在一些實施例中,根據第二樣板特徵產生預測遮罩的步驟包括:將遮罩聚焦調變級中的最後一級所對應的第二樣板特徵輸入至多個神經網路以得到一遮罩特徵以及一類別特徵;對遮罩特徵與解碼特徵圖做元素相乘以得到二值化遮罩;以及對二值化遮罩與類別特徵做元素相乘以得到預測遮罩。In some embodiments, the step of generating a predicted mask based on the second template feature includes: inputting the second template feature corresponding to the last level in the mask focus modulation level into multiple neural networks to obtain a mask feature and a class feature; performing element-wise multiplication of the mask feature and the decoded feature map to obtain a binary mask; and performing element-wise multiplication of the binary mask and the class feature to obtain a predicted mask.
在一些實施例中,根據遮罩、縮放特徵與聚焦調變特徵產生第二樣板特徵的步驟包含:對遮罩、縮放特徵與聚焦調變特徵做元素相乘以產生第二樣板特徵。In some embodiments, the step of generating a second template feature based on the mask, the scaling feature, and the focus modulation feature includes: performing element-wise multiplication on the mask, the scaling feature, and the focus modulation feature to generate the second template feature.
在一些實施例中,上述的遮罩包含多個數值,處理器更用以判斷每個數值是否小於一臨界值以產生一下一級遮罩。In some embodiments, the mask includes multiple values, and the processor is used to determine whether each value is less than a threshold value to generate a next-level mask.
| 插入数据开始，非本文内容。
lemma eventually_trans_fn_ge:
  fixes R :: "nat \<Rightarrow> 'e::finite \<Rightarrow> 'e \<Rightarrow> real" and \<alpha> :: "nat \<Rightarrow> real"
  assumes bound: "\<And>N x y. \<bar>\<alpha> N * generator (R N) x y\<bar> \<le> 1"
    and lim: "(\<lambda>N. \<alpha> N * R N a b) \<longlonglongrightarrow> L" and r: "r < L" and ab: "a \<noteq> b"
    and h: "0 < h" "h \<le> 1" "h * (real CARD('e) ^ 2 * exp (real CARD('e))) \<le> r / 2"
  shows "\<forall>\<^sub>F N in sequentially. h * r / 2 \<le> trans_fn (R N) (h * \<alpha> N) a b"
  using order_tendstoD(1)[OF lim r]
proof eventually_elim
  case (elim N)
  define d where "d = real CARD('e)"
  have "(h * d)\<^sup>2 * exp (h * d) \<le> h * (h * (d\<^sup>2 * exp d))"
    using h by (simp add: d_def power_mult_distrib power2_eq_square mult_left_le_one_le)
  also have "\<dots> \<le> h * (r / 2)"
    using h by (simp add: d_def)
  moreover have "h * r \<le> h * (\<alpha> N * R N a b)"
    using elim h by (simp add: mult_left_mono)
  ultimately have "h * r - h * (r / 2) \<le> h * \<alpha> N * R N a b - (h * d)\<^sup>2 * exp (h * d)"
    by (simp add: algebra_simps)
  also have "\<dots> \<le> trans_fn (R N) (h * \<alpha> N) a b"
    unfolding d_def by (rule trans_fn_ge_first_order[OF bound]) (use h ab in auto)
  finally show ?case by simp
qed

lemma exists_step_prob_bounded_below:
  fixes R :: "nat \<Rightarrow> 'e::finite \<Rightarrow> 'e \<Rightarrow> real" and \<alpha> :: "nat \<Rightarrow> real"
  assumes bound: "\<And>N x y. \<bar>\<alpha> N * generator (R N) x y\<bar> \<le> 1"
    and lim: "\<And>a b. a \<noteq> b \<Longrightarrow> (\<lambda>N. \<alpha> N * R N a b) \<longlonglongrightarrow> Q a b"
  shows "\<exists>h>0. \<exists>p>0. \<forall>a b. a \<noteq> b \<and> 0 < Q a b \<longrightarrow>
    (\<forall>\<^sub>F N in sequentially. p \<le> trans_fn (R N) (h * \<alpha> N) a b)"
proof -
  define G where "G = {(a, b). a \<noteq> b \<and> 0 < Q a b}"
  define r where "r = Min (insert 1 (case_prod Q ` G)) / 2"
  have "0 < Min (insert 1 (case_prod Q ` G))"
    by (auto simp: G_def)
  moreover have "Min (insert 1 (case_prod Q ` G)) \<le> Q a b" if "(a, b) \<in> G" for a b
    using that by (intro Min_le) auto
  ultimately have r: "0 < r" "\<And>a b. (a, b) \<in> G \<Longrightarrow> r < Q a b"
    unfolding r_def by fastforce+
  define C where "C = real CARD('e) ^ 2 * exp (real CARD('e))"
  define h where "h = min 1 (r / (2 * C))"
  have "0 < C" by (simp add: C_def)
  then have h: "0 < h" "h \<le> 1" "h * C \<le> r / 2"
    using r(1) by (auto simp: h_def min_def field_simps)
  have "\<forall>a b. a \<noteq> b \<and> 0 < Q a b \<longrightarrow>
      (\<forall>\<^sub>F N in sequentially. h * r / 2 \<le> trans_fn (R N) (h * \<alpha> N) a b)"
  proof (intro allI impI)
    fix a b assume "a \<noteq> b \<and> 0 < Q a b"
    then show "\<forall>\<^sub>F N in sequentially. h * r / 2 \<le> trans_fn (R N) (h * \<alpha> N) a b"
      by (intro eventually_trans_fn_ge[OF bound lim]) (use h r(2) in \<open>auto simp: G_def C_def\<close>)
  qed
  moreover have "0 < h * r / 2"
    using h r by simp
  ultimately show ?thesis
    using h(1) by blast
qed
在一些實施例中,上述的編碼器包含多個聚焦調變方塊,上述的解碼器為一像素解碼器。In some embodiments, the encoder includes a plurality of focus modulation blocks, and the decoder is a pixel decoder.
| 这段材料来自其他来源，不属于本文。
(* For every integer $m\geq 4$, the cycle sun $CS_m$ and the wheel sun $WS_m$ satisfy $\eta(CS_m)=\eta(WS_m)=2$.
   Context: All graphs are finite, simple and undirected. Indices are taken modulo $m$, so $u_0=u_m$ and $v_0=v_m$. The cycle sun $CS_m$ has vertices $u_1,\dots,u_m,v_1,\dots,v_m$ and edges $(u_i,u_{i-1})$ and $(u_i,v_{i-1}),(u_i,v_i)$ for all $i\in[m]$ (so the $u_i$ form a cycle and each $v_i$ is adjacent exactly to $u_i$ and $u_{i+1}$). The wheel sun $WS_m$ is obtained from $CS_m$ by adding one further vertex $w$ adjacent to all of $u_1,\dots,u_m$. For a vertex $v$, $N(v)$ is its set of neighbours. For a positive integer $k$, $[k]=\{1,\dots,k\}$. For a labeling $f:V(G)\to[k]$ and $S\subseteq V(G)$, $f(S)=\sum_{u\in S}f(u)$. A labeling $f:V(G)\to[k]$ is an additive $k$-coloring if $f(N(u))\neq f(N(v))$ for every edge $(u,v)$ of $G$. The additive chromatic number $\eta(G)$ is the least $k$ for which $G$ has an additive $k$-coloring. *)

theory Defs
  imports Main
begin

text \<open>A finite simple graph is given by a vertex set and a symmetric irreflexive
adjacency predicate.\<close>

definition nbrs :: "'a set \<Rightarrow> ('a \<Rightarrow> 'a \<Rightarrow> bool) \<Rightarrow> 'a \<Rightarrow> 'a set" where
  "nbrs Vs E v = {u \<in> Vs. E v u}"

definition additive_coloring ::
  "'a set \<Rightarrow> ('a \<Rightarrow> 'a \<Rightarrow> bool) \<Rightarrow> nat \<Rightarrow> ('a \<Rightarrow> nat) \<Rightarrow> bool" where
  "additive_coloring Vs E k f \<longleftrightarrow>
     (\<forall>v\<in>Vs. f v \<in> {1..k}) \<and>
     (\<forall>u\<in>Vs. \<forall>v\<in>Vs. E u v \<longrightarrow> sum f (nbrs Vs E u) \<noteq> sum f (nbrs Vs E v))"

definition additive_chromatic_number :: "'a set \<Rightarrow> ('a \<Rightarrow> 'a \<Rightarrow> bool) \<Rightarrow> nat" where
  "additive_chromatic_number Vs E = (LEAST k. k > 0 \<and> (\<exists>f. additive_coloring Vs E k f))"

datatype sunv = Uv nat | Vv nat | Wv

definition cs_verts :: "nat \<Rightarrow> sunv set" where
  "cs_verts m = Uv ` {..<m} \<union> Vv ` {..<m}"

definition ws_verts :: "nat \<Rightarrow> sunv set" where
  "ws_verts m = insert Wv (cs_verts m)"

fun cs_adj :: "nat \<Rightarrow> sunv \<Rightarrow> sunv \<Rightarrow> bool" where
  "cs_adj m (Uv i) (Uv j) = (i < m \<and> j < m \<and> (j = Suc i mod m \<or> i = Suc j mod m))"
| "cs_adj m (Uv i) (Vv j) = (i < m \<and> j < m \<and> (i = j \<or> i = Suc j mod m))"
| "cs_adj m (Vv j) (Uv i) = (i < m \<and> j < m \<and> (i = j \<or> i = Suc j mod m))"
| "cs_adj m _ _ = False"

definition ws_adj :: "nat \<Rightarrow> sunv \<Rightarrow> sunv \<Rightarrow> bool" where
  "ws_adj m x y \<longleftrightarrow> cs_adj m x y \<or>
     (x = Wv \<and> (\<exists>i<m. y = Uv i)) \<or> (y = Wv \<and> (\<exists>i<m. x = Uv i))"

end

theory Submission
  imports Defs
begin

text \<open>Label the rim vertices \<open>u\<^sub>i\<close> alternately 1, 2 and every \<open>v\<^sub>i\<close> with 1; for odd \<open>m\<close> the
clash at the seam \<open>u\<^sub>m\<^sub>-\<^sub>1 u\<^sub>0\<close> is repaired by relabelling \<open>u\<^sub>m\<^sub>-\<^sub>1\<close>, \<open>v\<^sub>m\<^sub>-\<^sub>1\<close> and \<open>v\<^sub>0\<close> with 2.
For any labelling by 1 and 2 the neighbourhood sum of \<open>v\<^sub>i\<close> is smaller than those of \<open>u\<^sub>i\<close> and
\<open>u\<^sub>i\<^sub>+\<^sub>1\<close>: the sums share one term and the three remaining labels on the rim side outweigh
the single remaining one. So only consecutive rim vertices, and in the wheel the hub,
need checking; the rim sums are 6 at even and 4 at odd positions, except near the seam.
No 1-coloring exists, since the adjacent vertices \<open>u\<^sub>0\<close>, \<open>u\<^sub>1\<close> have the same degree.\<close>

definition cyc_succ :: "nat \<Rightarrow> nat \<Rightarrow> nat" where
  "cyc_succ m i = (if Suc i = m then 0 else Suc i)"

definition cyc_pred :: "nat \<Rightarrow> nat \<Rightarrow> nat" where
  "cyc_pred m i = (if i = 0 then m - 1 else i - 1)"

lemma Suc_mod_eq_cyc_succ: "i < m \<Longrightarrow> Suc i mod m = cyc_succ m i"
  by (auto simp: cyc_succ_def Suc_lessI)

lemma cyc_succ_less: "i < m \<Longrightarrow> cyc_succ m i < m"
  and cyc_pred_less: "i < m \<Longrightarrow> cyc_pred m i < m"
  by (auto simp: cyc_succ_def cyc_pred_def)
關於本文中所使用之「第一」、「第二」等,並非特別指次序或順位的意思,其僅為了區別以相同技術用語描述的元件或操作。The terms “first,” “second,” etc. used herein do not particularly refer to order or sequence, but are only used to distinguish elements or operations described with the same technical term.
圖1是根據一實施例繪示電腦系統的示意圖。請參照圖1,電腦系統120包括了處理器121與記憶體122,用以處理胃內視鏡影像110以產生一個預測遮罩130,這個預測遮罩130用以分割胃黏膜腸化生的位置。以另一個角度來說,預測遮罩130也可以被稱為胃內視鏡影像110的分割結果,所要分割出的是胃黏膜腸化生區域。在此,胃內視鏡影像110可以是胃竇(antrum)、胃體(body)或胃賁門(cardia)的胃內視鏡影像,本揭露並不限制胃內視鏡影像110的部位、解析度與角度。FIG1 is a schematic diagram of a computer system according to an embodiment. Referring to FIG1 , a computer system 120 includes a processor 121 and a memory 122, which are used to process a gastric endoscopic image 110 to generate a prediction mask 130, and the prediction mask 130 is used to segment the location of gastric mucosal intestinal metaplasia. From another perspective, the prediction mask 130 can also be called the segmentation result of the gastric endoscopic image 110, and what is to be segmented is the gastric mucosal intestinal metaplasia area. Here, the gastric endoscopic image 110 can be a gastric endoscopic image of the antrum, the body, or the heart. The present disclosure does not limit the location, resolution, and angle of the gastric endoscopic image 110.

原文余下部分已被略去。